In the unfortunate event that a worker dies from his occupational injury or disease, his dependents may be paid income replacement benefits to make up for his loss in earning capacity.

Iowa Workers’ Compensation Benefits

When you are injured or become ill because of your job, your employer’s insurance provider will pay the bills for your hospital and physician visits as well as any other medical bills incurred in having your injury or disease treated. You will also be reimbursed for the cost of traveling back and forth to medical appointments, and for the wages you lose while being examined.

Workers’ compensation insurance also provides income replacement benefits in varying amounts depending on the kind of injury or disease suffered, including:

1) Temporary Total Disability Benefits (TTD): Paid when an employee’s injury makes it impossible for him to work while he recovers from his injury. In such case he will receive 2/3 of his pre-injury average weekly wage each week.
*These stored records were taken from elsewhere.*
lemma Fix_mod:
  assumes "bij \<sigma>" "x \<in> Fix \<sigma> k" "x \<in> Fix \<sigma> n"
  shows "x \<in> Fix \<sigma> (k mod n)"
proof -
  have "x \<in> Fix \<sigma> (k + (- (k div n)) * n)"
    using assms by (intro Fix_add Fix_mult)
  moreover have "k + (- (k div n)) * n = k mod n"
    by (simp add: minus_div_mult_eq_mod[symmetric])
  ultimately show ?thesis by simp
qed

lemma min_period:
  assumes "x \<in> FixInt \<sigma>"
  shows "min_period \<sigma> x \<ge> 1" "x \<in> interior (Fix \<sigma> (min_period \<sigma> x))"
    and "\<And>m. m \<ge> 1 \<Longrightarrow> x \<in> interior (Fix \<sigma> m) \<Longrightarrow> min_period \<sigma> x \<le> m"
proof -
  define P where "P m \<longleftrightarrow> m \<ge> 1 \<and> x \<in> interior (Fix \<sigma> m)" for m :: int
  obtain q where "P q"
    using assms by (auto simp: FixInt_def P_def)
  then have "\<exists>k::nat. P (int k)"
    by (intro exI[of _ "nat q"]) (simp add: P_def)
  define n where "n = (LEAST k::nat. P (int k))"
  have Pn: "P (int n)"
    unfolding n_def using \<open>\<exists>k. P (int k)\<close> by (rule LeastI_ex)
  have least: "int n \<le> m" if "P m" for m
  proof -
    from that have "m \<ge> 1" "P (int (nat m))" by (simp_all add: P_def)
    moreover from \<open>P (int (nat m))\<close> have "n \<le> nat m"
      unfolding n_def by (rule Least_le)
    ultimately show ?thesis by linarith
  qed
  have "(LEAST m. P m) = int n"
    using Pn least by (rule Least_equality)
  then have "min_period \<sigma> x = int n"
    by (simp add: min_period_def P_def)
  with Pn least show "min_period \<sigma> x \<ge> 1" "x \<in> interior (Fix \<sigma> (min_period \<sigma> x))"
    and "\<And>m. m \<ge> 1 \<Longrightarrow> x \<in> interior (Fix \<sigma> m) \<Longrightarrow> min_period \<sigma> x \<le> m"
    unfolding P_def by auto
qed

lemma Fix_mult_min_period:
  assumes "bij \<sigma>" "x \<in> FixInt \<sigma>"
  shows "x \<in> Fix \<sigma> (j * min_period \<sigma> x)"
proof (rule Fix_mult[OF assms(1)])
  show "x \<in> Fix \<sigma> (min_period \<sigma> x)"
    using min_period(2)[OF assms(2)] interior_subset by blast
qed

lemma min_period_dvd:
  assumes "bij \<sigma>" "x \<in> FixInt \<sigma>" "x \<in> interior (Fix \<sigma> k)"
  shows "min_period \<sigma> x dvd k"
proof (rule ccontr)
  define n where "n = min_period \<sigma> x"
  assume "\<not> n dvd k"
  then have "k mod n \<noteq> 0"
    by (simp add: dvd_eq_mod_eq_0)
  moreover have "n \<ge> 1"
    using min_period(1)[OF assms(2)] by (simp add: n_def)
  then have "0 \<le> k mod n" and mod_less: "k mod n < n"
    by simp_all
  ultimately have mod_pos: "1 \<le> k mod n" by linarith
  have "x \<in> interior (Fix \<sigma> k \<inter> Fix \<sigma> n)"
    using assms(3) min_period(2)[OF assms(2)] by (simp add: n_def)
  also have "\<dots> \<subseteq> interior (Fix \<sigma> (k mod n))"
    using Fix_mod[OF assms(1)] by (intro interior_mono) blast
  finally have "n \<le> k mod n"
    using min_period(3)[OF assms(2) mod_pos] by (simp add: n_def)
  with mod_less show False by simp
qed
2) Temporary Partial Disability Benefits (TPD): A worker’s work-related disability hinders him from performing the entirety of his old job duties, but he can perform some work. He will receive 2/3 of the difference between his average weekly wages prior to the injury and the wages he is able to earn after he has been injured.

3) Permanent Partial Disability Benefits (PPD): An employee’s injury has maximally improved, but he will always be hindered by the injury (e.g. loss of limb), and can only perform some kinds of work. He may receive certain benefits based on his degree of permanent disability.

4) Permanent Total Disability Benefits (PTD): The worker will receive 2/3 of his average weekly wage prior to his injury each week if his disability makes him completely unable to return to any kind of gainful employment.

Lastly, if an employee dies from a work-related injury or illness, income replacement benefits will be paid to the children of the deceased until they turn 18, and to the surviving spouse for life. A maximum of $7,500 may be paid towards a deceased employee’s funeral expenses.

Iowa Workers’ Compensation Statutes

Refer to these specific relevant workers’ compensation statutes in the Iowa Code for additional information.

Employers Subject To Workers’ Compensation: Iowa Code, Chp.85 § 3; Covered Employees: Iowa Code, Chp.85 § 3; Benefits: Iowa Code, Chp.85 §§ 28-36; Claims Procedure: Iowa Code, Chp.85 §§23-25.